Written by Sarah Trick
Raywat Deonandan is an associate professor in the Faculty of Health Sciences at the University of Ottawa. (Facebook)

Last week, Ontario set a grim new benchmark: the province reported 1,855 cases of COVID-19 on Friday, a record single-day total.

With the second wave of the pandemic having shown no signs of abating since then, TVO.org spoke with Raywat Deonandan, an epidemiologist at the University of Ottawa, about vaccines, hate mail — and why this pandemic serves as proof that society must pull together.

TVO.org: I wanted to start with some good news. In the last couple weeks, we’ve learned there will be a vaccine. There doesn’t seem to be a lot known about when we will get it or how it will be distributed to people, but there has been a lot of speculation about it. How do you see a vaccine rollout playing out?

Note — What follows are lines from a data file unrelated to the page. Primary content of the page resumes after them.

lemma sim_cross_of_common_lower_bound:
  assumes po: "poset_on P le" and "chain_of P le C" "c \<in> C" "c' \<in> C" "d \<in> P" "e \<in> P" "e' \<in> P"
    and "le d e" "le d e'"
    and "incomparable le c d" "incomparable le c' d" "incomparable le c e" "incomparable le c' e'"
  shows "sim le c e' \<or> sim le c' e"
proof (rule ccontr)
  assume "\<not> (sim le c e' \<or> sim le c' e)"
  then have cmp: "le c e' \<or> le e' c" "le c' e \<or> le e c'" by (auto simp: sim_def incomparable_def)
  have trans: "le x z" if "x \<in> P" "y \<in> P" "z \<in> P" "le x y" "le y z" for x y z
    using po that unfolding poset_on_def by blast
  have "c \<in> P" "c' \<in> P" using assms(2-4) by (auto simp: chain_of_def)
  then have "le c e'" "le c' e"
    using cmp trans[of d e' c] trans[of d e c'] assms(5-11) by (auto simp: incomparable_def)
  moreover have "le c c' \<or> le c' c" using assms(2-4) by (auto simp: chain_of_def)
  ultimately show False
    using trans[of c c' e] trans[of c' c e'] \<open>c \<in> P\<close> \<open>c' \<in> P\<close> assms(6,7,12,13)
    by (auto simp: incomparable_def)
qed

Raywat Deonandan: Yeah, everyone’s got that same question. And there are a lot of issues to be explored here.

So the way it will probably work is the federal government will distribute vaccine allotments to the provinces and territories on a per capita basis and then advise the provinces on what they should do. And each province probably has to strike its own ethics committees to figure out how to distribute them. I anticipate it will be a hierarchy of who gets it first, probably beginning with health-care workers — because you don’t want to take your best players off the game board; you want to make sure that they’re healthy and able to contribute.

Next will be the really vulnerable, probably the extremely elderly. Then there will be the first responders — the police and the firefighters and the ambulance drivers and the paramedics. Then maybe looking at people who have a lot of contacts daily, like teachers and mass-transit operators and maybe priests: you know, the people who are exposed to lots of people every day. Then after that, we have everybody else.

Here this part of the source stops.